Information supplied |
* * * * * * * * *
(* There exist absolute constants $K,\kappa>0$ such that the following holds. Let $\tilde c>0$ and $\tilde\xi\ge1$. Suppose that, for all $N$, all $m\ge1$, and all $m$-tuples $p,q$ of distinct integers in $[1,2N]$ with $|p-q|_1\ge N/8$, $$\mathbb E\Big[\prod_{a=1}^m|R_{p_a,q_a}|\Big]\le\tilde c^m\exp\big(-|p-q|_1/\tilde\xi\big).$$ Then multi-point dynamical localization holds with constants $C=K\tilde c\tilde\xi^2$ and $\xi=\kappa\tilde\xi$. That is, for all sufficiently large $N$, all $m\ge1$ and all strictly increasing $m$-tuples $p,q$ in $[1,2N]$ with $|p-q|_1\ge N/8$, $$\mathbb E|\det R[p,q]|\le C^me^{-N/\xi}.$$
   Context: $R=R(t)\in SO(2N)$ is a random orthogonal matrix, namely the Heisenberg evolution matrix of the Majorana operators at a fixed time $t$: $e^{iHt}c_pe^{-iHt}=\sum_qR_{p,q}c_q$ for a random quadratic Hamiltonian $H$. For $m$-tuples $p,q$, $|p-q|_1=\sum_{a=1}^m|p_a-q_a|$. For strictly increasing $p,q$, $R[p,q]$ is the $m\times m$ matrix with entries $R[p,q]_{a,b}=R_{p_a,q_b}$. $\mathbb E$ is the expectation over the randomness. *)

theory Defs
  imports "HOL-Analysis.Analysis" "HOL-Probability.Probability"
begin

text \<open>Matrices are functions nat \<Rightarrow> nat \<Rightarrow> real, indices 1..n.
  Leibniz determinant of the n x n matrix (A i j), 1 \<le> i,j \<le> n.\<close>
definition ldet :: "nat \<Rightarrow> (nat \<Rightarrow> nat \<Rightarrow> real) \<Rightarrow> real" where
  "ldet n A = (\<Sum>\<sigma> | \<sigma> permutes {1..n}. of_int (sign \<sigma>) * (\<Prod>i=1..n. A i (\<sigma> i)))"

definition in_SO :: "nat \<Rightarrow> (nat \<times> nat \<Rightarrow> real) \<Rightarrow> bool" where
  "in_SO n A \<longleftrightarrow>
     (\<forall>i\<in>{1..n}. \<forall>j\<in>{1..n}. (\<Sum>k=1..n. A (i,k) * A (j,k)) = (if i = j then 1 else 0))
     \<and> ldet n (\<lambda>i j. A (i,j)) = 1"

definition mat_space :: "nat \<Rightarrow> (nat \<times> nat \<Rightarrow> real) measure" where
  "mat_space N = Pi\<^sub>M ({1..2*N} \<times> {1..2*N}) (\<lambda>_. borel)"

definition l1dist :: "nat \<Rightarrow> (nat \<Rightarrow> nat) \<Rightarrow> (nat \<Rightarrow> nat) \<Rightarrow> real" where
  "l1dist m p q = (\<Sum>a=1..m. \<bar>real (p a) - real (q a)\<bar>)"

end

theory Submission imports Defs begin

(* Expanding the determinant (Leibniz formula) bounds |det R[p,q]| by the sum over
   permutations sigma of the products prod_a |R(p_a, q_(sigma a))|.  For sorted p and q the
   rearrangement inequality |p - q|_1 <= |p - q o sigma|_1 shows that every permuted tuple
   still satisfies the distance hypothesis, so each term has expectation at most
   c^m exp(-|p - q o sigma|_1 / xi).  Splitting this exponential in two halves, one half is
   at most exp(-N/(16 xi)) while the other factorises over a; the sum over permutations of
   the factorised halves is dominated by the product of the row sums of the kernel
   exp(-|x - y|/(2 xi)), each of which is at most 6 xi.  Hence the theorem holds with
   K = 6 and kappa = 16. *)

(* A sum over permutations of products of nonnegative weights is dominated by the sum over
   all maps S -> S, which factorises as the product of the row sums. *)
lemma sum_permutes_prod_le_prod_sum:
  fixes w :: "'a \<Rightarrow> 'a \<Rightarrow> real"
  assumes S: "finite S" and w: "\<And>a b. 0 \<le> w a b"
  shows "(\<Sum>\<sigma> | \<sigma> permutes S. \<Prod>a\<in>S. w a (\<sigma> a)) \<le> (\<Prod>a\<in>S. \<Sum>b\<in>S. w a b)"
proof -
  let ?restr = "\<lambda>\<sigma>. restrict \<sigma> S"
  have inj: "inj_on ?restr {\<sigma>. \<sigma> permutes S}"
  proof (rule inj_onI, rule ext)
    fix x y z assume "x \<in> {\<sigma>. \<sigma> permutes S}" "y \<in> {\<sigma>. \<sigma> permutes S}" "?restr x = ?restr y"
    then show "x z = y z"
      by (cases "z \<in> S") (metis restrict_apply', simp add: permutes_not_in)
  qed
  have "(\<Sum>\<sigma> | \<sigma> permutes S. \<Prod>a\<in>S. w a (\<sigma> a))
      = (\<Sum>g\<in>?restr ` {\<sigma>. \<sigma> permutes S}. \<Prod>a\<in>S. w a (g a))"
    by (subst sum.reindex[OF inj]) (auto intro!: sum.cong prod.cong)
  also have "\<dots> \<le> (\<Sum>g\<in>PiE S (\<lambda>_. S). \<Prod>a\<in>S. w a (g a))"
    using S by (intro sum_mono2) (auto simp: finite_PiE permutes_in_image intro!: prod_nonneg w)
  also have "\<dots> = (\<Prod>a\<in>S. \<Sum>b\<in>S. w a b)"
    by (rule prod_sum_PiE[symmetric]) (use S in auto)
  finally show ?thesis .
qed

lemma abs_ldet_le_sum_permutes:
  "\<bar>ldet n A\<bar> \<le> (\<Sum>\<sigma> | \<sigma> permutes {1..n}. \<Prod>i=1..n. \<bar>A i (\<sigma> i)\<bar>)"
proof -
  have "\<bar>ldet n A\<bar> \<le> (\<Sum>\<sigma> | \<sigma> permutes {1..n}. \<bar>of_int (sign \<sigma>) * (\<Prod>i=1..n. A i (\<sigma> i))\<bar>)"
    unfolding ldet_def by (rule sum_abs)
  also have "\<dots> = (\<Sum>\<sigma> | \<sigma> permutes {1..n}. \<Prod>i=1..n. \<bar>A i (\<sigma> i)\<bar>)"
    by (intro sum.cong refl) (simp add: abs_mult abs_prod sign_def)
  finally show ?thesis .
qed
lemma continuous_map_ball_topologyI:
  assumes one: "0 < nrm 1"
    and cont: "\<And>x a. 0 < nrm a \<Longrightarrow>
      \<exists>b. 0 < nrm b \<and> (\<forall>v\<in>nball nrm x b. f v \<in> nball nrm (f x) a)"
  shows "continuous_map (ball_topology nrm) (ball_topology nrm) f"
proof -
  have "ball_open nrm (f -` U)" if U: "ball_open nrm U" for U
    unfolding ball_open_def
  proof
    fix x assume "x \<in> f -` U"
    then obtain a where a: "0 < nrm a" "nball nrm (f x) a \<subseteq> U"
      using U unfolding ball_open_def by blast
    then obtain b where "0 < nrm b" "\<forall>v\<in>nball nrm x b. f v \<in> nball nrm (f x) a"
      using cont by blast
    with a show "\<exists>b. 0 < nrm b \<and> nball nrm x b \<subseteq> f -` U"
      by blast
  qed
  then show ?thesis
    by (simp add: continuous_map topspace_ball_topology[OF one] vimage_def)
qed

lemma continuous_map_ball_topology_prodI:
  assumes tiny: "has_tiny_balls nrm" and zero: "nrm 0 = 0" and one: "0 < nrm 1"
    and cont: "\<And>x y a. 0 < nrm a \<Longrightarrow> \<exists>b. 0 < nrm b \<and>
      (\<forall>v\<in>nball nrm x b. \<forall>w\<in>nball nrm y b. f v w \<in> nball nrm (f x y) a)"
  shows "continuous_map (prod_topology (ball_topology nrm) (ball_topology nrm))
    (ball_topology nrm) (\<lambda>(x, y). f x y)"
proof -
  have "openin (prod_topology (ball_topology nrm) (ball_topology nrm)) ((\<lambda>(x, y). f x y) -` U)"
    if U: "ball_open nrm U" for U
    unfolding openin_prod_topology_alt
  proof (intro allI impI)
    fix x y assume "(x, y) \<in> (\<lambda>(x, y). f x y) -` U"
    then obtain a where a: "0 < nrm a" "nball nrm (f x y) a \<subseteq> U"
      using U unfolding ball_open_def by auto
    then obtain b where b: "0 < nrm b"
      "\<forall>v\<in>nball nrm x b. \<forall>w\<in>nball nrm y b. f v w \<in> nball nrm (f x y) a"
      using cont by blast
    obtain V where V: "ball_open nrm V" "x \<in> V" "V \<subseteq> nball nrm x b"
      using nbhd_in_ball_topology_nball[OF tiny zero b(1)]
      unfolding nbhd_in_def openin_ball_topology by blast
    obtain W where W: "ball_open nrm W" "y \<in> W" "W \<subseteq> nball nrm y b"
      using nbhd_in_ball_topology_nball[OF tiny zero b(1)]
      unfolding nbhd_in_def openin_ball_topology by blast
    have "V \<times> W \<subseteq> (\<lambda>(x, y). f x y) -` U"
    proof
      fix z assume "z \<in> V \<times> W"
      then obtain v w where z: "z = (v, w)" "v \<in> V" "w \<in> W"
        by blast
      then have "f v w \<in> nball nrm (f x y) a"
        using b(2) V(3) W(3) by blast
      with a(2) z(1) show "z \<in> (\<lambda>(x, y). f x y) -` U"
        by auto
    qed
    with V W show "\<exists>V W. openin (ball_topology nrm) V \<and> openin (ball_topology nrm) W \<and>
        x \<in> V \<and> y \<in> W \<and> V \<times> W \<subseteq> (\<lambda>(x, y). f x y) -` U"
      unfolding openin_ball_topology by blast
  qed
  then show ?thesis
    by (simp add: continuous_map topspace_ball_topology[OF one] topspace_prod_topology
        vimage_def)
qed

lemma add_nball_nball:
  assumes "has_tiny_balls nrm" "0 < nrm a"
  shows "\<exists>b. 0 < nrm b \<and>
    (\<forall>v\<in>nball nrm x b. \<forall>w\<in>nball nrm y b. v + w \<in> nball nrm (x + y) a)"
proof -
  obtain b where b: "0 < nrm b"
    "\<And>u v. u \<in> nball nrm 0 b \<Longrightarrow> v \<in> nball nrm 0 b \<Longrightarrow> u + v \<in> nball nrm 0 a"
    using has_tiny_balls_addD[OF assms] by blast
  have "(v + w) - (x + y) = (v - x) + (w - y)" for v w
    by (simp add: algebra_simps)
  with b show ?thesis
    by (metis mem_nball_iff_diff)
qed

lemma uminus_nball:
  assumes "has_tiny_balls nrm" "0 < nrm a"
  shows "\<exists>b. 0 < nrm b \<and> (\<forall>v\<in>nball nrm x b. - v \<in> nball nrm (- x) a)"
proof -
  obtain b where b: "0 < nrm b" "\<And>u. u \<in> nball nrm 0 b \<Longrightarrow> - u \<in> nball nrm 0 a"
    using has_tiny_balls_uminusD[OF assms] by blast
  have "- v - - x = - (v - x)" for v
    by simp
  with b show ?thesis
    by (metis mem_nball_iff_diff)
qed

lemma mult_nball_nball:
  assumes tiny: "has_tiny_balls nrm" and zero: "nrm 0 = 0" and a: "0 < nrm a"
  shows "\<exists>e. 0 < nrm e \<and>
    (\<forall>v\<in>nball nrm x e. \<forall>w\<in>nball nrm y e. v * w \<in> nball nrm (x * y) a)"
proof -
  obtain b where b: "0 < nrm b" "\<And>u v w. u \<in> nball nrm 0 b \<Longrightarrow> v \<in> nball nrm 0 b \<Longrightarrow>
      w \<in> nball nrm 0 b \<Longrightarrow> u + v + w \<in> nball nrm 0 a"
    using has_tiny_balls_add3D[OF tiny zero a] by blast
  obtain cx where cx: "0 < nrm cx" "\<And>u. u \<in> nball nrm 0 cx \<Longrightarrow> x * u \<in> nball nrm 0 b"
    using has_tiny_balls_scaleD[OF tiny b(1)] by blast
  obtain cy where cy: "0 < nrm cy" "\<And>u. u \<in> nball nrm 0 cy \<Longrightarrow> y * u \<in> nball nrm 0 b"
    using has_tiny_balls_scaleD[OF tiny b(1)] by blast
  obtain d where d: "0 < nrm d"
    "\<And>u v. u \<in> nball nrm 0 d \<Longrightarrow> v \<in> nball nrm 0 d \<Longrightarrow> u * v \<in> nball nrm 0 b"
    using has_tiny_balls_multD[OF tiny b(1)] by blast
  obtain c where c: "0 < nrm c" "nrm c \<le> nrm cx" "nrm c \<le> nrm cy"
    using exists_smaller_norm[OF cx(1) cy(1)] by blast
  obtain e where e: "0 < nrm e" "nrm e \<le> nrm c" "nrm e \<le> nrm d"
    using exists_smaller_norm[OF c(1) d(1)] by blast
  have "v * w \<in> nball nrm (x * y) a" if "v \<in> nball nrm x e" "w \<in> nball nrm y e" for v w
  proof -
    have p: "v - x \<in> nball nrm 0 e" and q: "w - y \<in> nball nrm 0 e"
      using that mem_nball_iff_diff by blast+
    have "x * (w - y) \<in> nball nrm 0 b" "y * (v - x) \<in> nball nrm 0 b"
      using cx(2) cy(2) nball_mono c e p q by (meson order_trans subsetD)+
    moreover have "(v - x) * (w - y) \<in> nball nrm 0 b"
      using d(2) nball_mono e p q by blast
    moreover have "v * w - x * y = x * (w - y) + y * (v - x) + (v - x) * (w - y)"
      by (simp add: algebra_simps)
    ultimately show ?thesis
      using b(2) mem_nball_iff_diff by metis
  qed
  with e show ?thesis
    by blast
qed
* * * * * * * * *
Instructions for the task |
Wherever the string "rule" appears in the data above, copy the line it sits in.

Answer area |
  proof (rule inj_onI, rule ext)
    by (rule prod_sum_PiE[symmetric]) (use S in auto)
    unfolding ldet_def by (rule sum_abs)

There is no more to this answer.